Stored data:
lemma shifted_gauss_lattice_sum_nonzero_le:
  fixes c h x :: real
  assumes c: "25/64 \<le> c" and h: "0 < h" "h \<le> 1" and x: "\<bar>x\<bar> \<le> 1"
  shows "(\<Sum>\<^sub>\<infinity>k\<in>{k::int. k \<noteq> 0}. exp (- c * (x + real_of_int k / h)^2))
    \<le> 6 * exp (- c * (1/h - 1)^2)"
proof -
  define E where "E = exp (- c * (1/h - 1)^2)"
  have far: "1/h - 1 + real n \<le> (1 + real n) / h - 1" for n
  proof -
    have "h * real n \<le> real n"
      using h by (intro mult_left_le_one_le) auto
    then have "real n \<le> real n / h"
      using h by (simp add: field_simps)
    then show ?thesis
      by (simp add: add_divide_distrib)
  qed
  define g where "g k = exp (- c * (x + real_of_int k / h)^2)" for k :: int
  have up: "g (1 + int n) \<le> E * gauss_min (real n)" for n
    unfolding g_def E_def
  proof (rule gauss_le_gauss_mult_gauss_min[OF c])
    show "0 \<le> 1/h - 1"
      using h by simp
    have "1/h - 1 + real n \<le> x + (1 + real n) / h"
      using far[of n] x by linarith
    then show "1/h - 1 + real n \<le> \<bar>x + real_of_int (1 + int n) / h\<bar>"
      by simp
  qed
  have down: "g (- 1 - int n) \<le> E * gauss_min (real n)" for n
    unfolding g_def E_def
  proof (rule gauss_le_gauss_mult_gauss_min[OF c])
    show "0 \<le> 1/h - 1"
      using h by simp
    have "1/h - 1 + real n \<le> - x + (1 + real n) / h"
      using far[of n] x by linarith
    also have "- x + (1 + real n) / h = - (x + real_of_int (- 1 - int n) / h)"
      by (simp add: diff_divide_distrib add_divide_distrib)
    finally show "1/h - 1 + real n \<le> \<bar>x + real_of_int (- 1 - int n) / h\<bar>"
      by linarith
  qed
  have "{1..} \<union> {..-1} = {k::int. k \<noteq> 0}"
    by auto
  moreover have "infsum g ({1..} \<union> {..-1}) \<le> 2 * (\<Sum>n. E * gauss_min (real n))"
    using summable_mult[OF gauss_min_nat_sum_le(1)]
    by (intro infsum_int_rays_le(2)[where q = "-1" and p = 1, OF _ _ _ up down]) (auto simp: g_def)
  moreover have "(\<Sum>n. E * gauss_min (real n)) \<le> E * 3"
    using gauss_min_nat_sum_le by (simp add: suminf_mult E_def)
  ultimately show ?thesis
    unfolding g_def E_def by simp
qed

lemma gauss_pos_sum_le_geometric:
  fixes a :: real
  assumes "0 < a"
  shows "summable (\<lambda>n. exp (- 2 * a^2 * (real n + 1)^2))"
    and "(\<Sum>n. exp (- 2 * a^2 * (real n + 1)^2)) \<le> exp (- 2 * a^2) / (1 - exp (- 2 * a^2))"
proof -
  define r where "r = exp (- 2 * a^2)"
  have r: "0 \<le> r" "r < 1"
    unfolding r_def using assms by auto
  have majorant: "exp (- 2 * a^2 * (real n + 1)^2) \<le> r * r ^ n" for n
  proof -
    have "real n + 1 \<le> (real n + 1)^2"
      by (simp add: power2_eq_square)
    then have "2 * a^2 * (real n + 1) \<le> 2 * a^2 * (real n + 1)^2"
      by (intro mult_left_mono) auto
    then have "exp (- 2 * a^2 * (real n + 1)^2) \<le> exp (real (Suc n) * (- 2 * a^2))"
      by (simp add: algebra_simps)
    also have "\<dots> = r * r ^ n"
      unfolding r_def exp_of_nat_mult by simp
    finally show ?thesis .
  qed
  show "summable (\<lambda>n. exp (- 2 * a^2 * (real n + 1)^2))"
    and "(\<Sum>n. exp (- 2 * a^2 * (real n + 1)^2)) \<le> exp (- 2 * a^2) / (1 - exp (- 2 * a^2))"
    using summable_geometric_majorant[OF _ majorant r] unfolding r_def by auto
qed

lemma gauss_pos_sum_nonneg:
  fixes a :: real
  assumes "0 < a"
  shows "0 \<le> (\<Sum>n. exp (- 2 * a^2 * (real n + 1)^2))"
  by (intro suminf_nonneg gauss_pos_sum_le_geometric(1)[OF assms]) simp

lemma gauss_pos_sum_le_inverse:
  fixes a :: real
  assumes "0 < a"
  shows "(\<Sum>n. exp (- 2 * a^2 * (real n + 1)^2)) \<le> exp (1/2) / (2 * a)"
proof -
  define r where "r = exp (- 2 * a)"
  have r: "0 < r" "r < 1"
    unfolding r_def using assms by auto
  \<comment> \<open>completing the square: \<open>2 a\<^sup>2 N\<^sup>2 \<ge> 2 a N - 1/2\<close>\<close>
  have majorant: "exp (- 2 * a^2 * (real n + 1)^2) \<le> (exp (1/2) * r) * r ^ n" for n
  proof -
    have "0 \<le> (2 * a * (real n + 1) - 1)^2"
      by simp
    then have "- 2 * a^2 * (real n + 1)^2 \<le> 1/2 + real (Suc n) * (- 2 * a)"
      by (simp add: power2_eq_square algebra_simps)
    then have "exp (- 2 * a^2 * (real n + 1)^2) \<le> exp (1/2 + real (Suc n) * (- 2 * a))"
      by simp
    also have "\<dots> = (exp (1/2) * r) * r ^ n"
      unfolding r_def exp_add exp_of_nat_mult by simp
    finally show ?thesis .
  qed
  have "(\<Sum>n. exp (- 2 * a^2 * (real n + 1)^2)) \<le> (exp (1/2) * r) / (1 - r)"
    using summable_geometric_majorant(2)[OF _ majorant] r by simp
  also have "\<dots> = exp (1/2) / (exp (2 * a) - 1)"
    using r unfolding r_def by (simp add: exp_minus field_simps)
  also have "\<dots> \<le> exp (1/2) / (2 * a)"
  proof -
    have "2 * a \<le> exp (2 * a) - 1"
      using exp_ge_add_one_self[of "2 * a"] by linarith
    then show ?thesis
      using assms by (intro divide_left_mono) auto
  qed
  finally show ?thesis .
qed

lemma gauss_pos_sum_weighted_le:
  fixes a :: real
  assumes a: "0 < a" and \<beta>: "a * sqrt (2/pi) \<le> 2 * sqrt 2"
  shows "a * sqrt (2/pi) * (1 + 2 * (\<Sum>n. exp (- 2 * a^2 * (real n + 1)^2))) \<le> 4"
proof (cases "1 \<le> a")
  case True
  define r where "r = exp (- 2 * a^2)"
  have "exp (- 2) \<le> 1 / (\<Sum>i<5. (2::real) ^ i / fact i)"
    by (rule exp_minus_le_inverse_partial_sum) auto
  moreover have "r \<le> exp (- 2)"
  proof -
    have "1 * 1 \<le> a * a"
      using True by (intro mult_mono) auto
    then show ?thesis
      unfolding r_def by (simp add: power2_eq_square)
  qed
  ultimately have "r \<le> 1/7"
    by (simp add: lessThan_nat_numeral fact_numeral)
  moreover have "0 \<le> r"
    unfolding r_def by simp
  ultimately have "r / (1 - r) \<le> 1/6"
    by (simp add: field_simps)
  then have "2 * (\<Sum>n. exp (- 2 * a^2 * (real n + 1)^2)) \<le> 1/3"
    using gauss_pos_sum_le_geometric(2)[OF a] unfolding r_def[symmetric] by linarith
  then have "a * sqrt (2/pi) * (1 + 2 * (\<Sum>n. exp (- 2 * a^2 * (real n + 1)^2))) \<le> 2 * sqrt 2 * (4/3)"
    using gauss_pos_sum_nonneg[OF a] by (intro mult_mono[OF \<beta>]) auto
  also have "\<dots> \<le> 4"
  proof -
    have "sqrt 2 \<le> 3/2"
      by (rule real_le_lsqrt) (auto simp: power2_eq_square)
    then show ?thesis
      by simp
  qed
  finally show ?thesis .
next
  case False
  have "sqrt (2/pi) \<le> 1"
    using pi_gt3 by simp
  then have \<beta>1: "a * sqrt (2/pi) \<le> 1"
    using False a by (simp add: mult_le_one)
  have "a * sqrt (2/pi) * (\<Sum>n. exp (- 2 * a^2 * (real n + 1)^2)) \<le> a * 1 * (exp (1/2) / (2 * a))"
    using gauss_pos_sum_le_inverse[OF a] gauss_pos_sum_nonneg[OF a] \<open>sqrt (2/pi) \<le> 1\<close> a
    by (intro mult_mono mult_left_mono) auto
  also have "\<dots> \<le> 1"
    using a exp_bound[of "1/2::real"] by (simp add: power2_eq_square field_simps)
  finally show ?thesis
    using \<beta>1 by (simp add: distrib_left)
qed

lemma gauss_lattice_tail_le:
  fixes a :: real and m :: nat
  assumes "0 < a"
  shows "(\<lambda>k::int. exp (- 2 * a^2 * (real_of_int k)^2)) summable_on {k. int m < \<bar>k\<bar>}"
    and "(\<Sum>\<^sub>\<infinity>k\<in>{k::int. int m < \<bar>k\<bar>}. exp (- 2 * a^2 * (real_of_int k)^2))
           \<le> 2 * exp (- 2 * a^2 * (real m)^2) * (\<Sum>n. exp (- 2 * a^2 * (real n + 1)^2))"
proof -
  define E where "E = exp (- 2 * a^2 * (real m)^2)"
  define w where "w k = exp (- 2 * a^2 * (real_of_int k)^2)" for k :: int
  define q where "q n = exp (- 2 * a^2 * (real n + 1)^2)" for n
  have decay: "w k \<le> E * q n" if "real m + real n + 1 \<le> \<bar>real_of_int k\<bar>" for k n
  proof -
    have "(real m)^2 + (real n + 1)^2 \<le> (real m + real n + 1)^2"
      by (simp add: power2_eq_square algebra_simps)
    also have "\<dots> \<le> (real_of_int k)^2"
      using power_mono[OF that, of 2] by simp
    finally have "2 * a^2 * ((real m)^2 + (real n + 1)^2) \<le> 2 * a^2 * (real_of_int k)^2"
      by (intro mult_left_mono) auto
    then show ?thesis
      unfolding w_def E_def q_def by (simp add: algebra_simps flip: exp_add)
  qed
  have summable: "summable (\<lambda>n. E * q n)"
    unfolding q_def using gauss_pos_sum_le_geometric(1)[OF assms] by (rule summable_mult)
  have "{int m + 1..} \<union> {..- int m - 1} = {k. int m < \<bar>k\<bar>}"
    by auto
  moreover note infsum_int_rays_le[where p = "int m + 1" and q = "- int m - 1" and g = w, OF _ _ summable]
  moreover have "w (int m + 1 + int n) \<le> E * q n" "w (- int m - 1 - int n) \<le> E * q n" for n
    by (intro decay; simp)+
  ultimately have "w summable_on {k. int m < \<bar>k\<bar>}"
    and "infsum w {k. int m < \<bar>k\<bar>} \<le> 2 * (\<Sum>n. E * q n)"
    by (auto simp: w_def)
  then show "(\<lambda>k::int. exp (- 2 * a^2 * (real_of_int k)^2)) summable_on {k. int m < \<bar>k\<bar>}"
    and "(\<Sum>\<^sub>\<infinity>k\<in>{k::int. int m < \<bar>k\<bar>}. exp (- 2 * a^2 * (real_of_int k)^2))
           \<le> 2 * exp (- 2 * a^2 * (real m)^2) * (\<Sum>n. exp (- 2 * a^2 * (real n + 1)^2))"
    using gauss_pos_sum_le_geometric(1)[OF assms] unfolding w_def E_def q_def by (simp_all add: suminf_mult)
qed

§ YOUR ASSIGNMENT:
Begin at the line above that has "unfolding q_def using" and stop after the line that has "by (auto simp: w_def)", copying each line exactly and adding nothing else.

§ EXERCISE OUTPUT:
    unfolding q_def using gauss_pos_sum_le_geometric(1)[OF assms] by (rule summable_mult)
  have "{int m + 1..} \<union> {..- int m - 1} = {k. int m < \<bar>k\<bar>}"
    by auto
  moreover note infsum_int_rays_le[where p = "int m + 1" and q = "- int m - 1" and g = w, OF _ _ summable]
  moreover have "w (int m + 1 + int n) \<le> E * q n" "w (- int m - 1 - int n) \<le> E * q n" for n
    by (intro decay; simp)+
  ultimately have "w summable_on {k. int m < \<bar>k\<bar>}"
    and "infsum w {k. int m < \<bar>k\<bar>} \<le> 2 * (\<Sum>n. E * q n)"
    by (auto simp: w_def)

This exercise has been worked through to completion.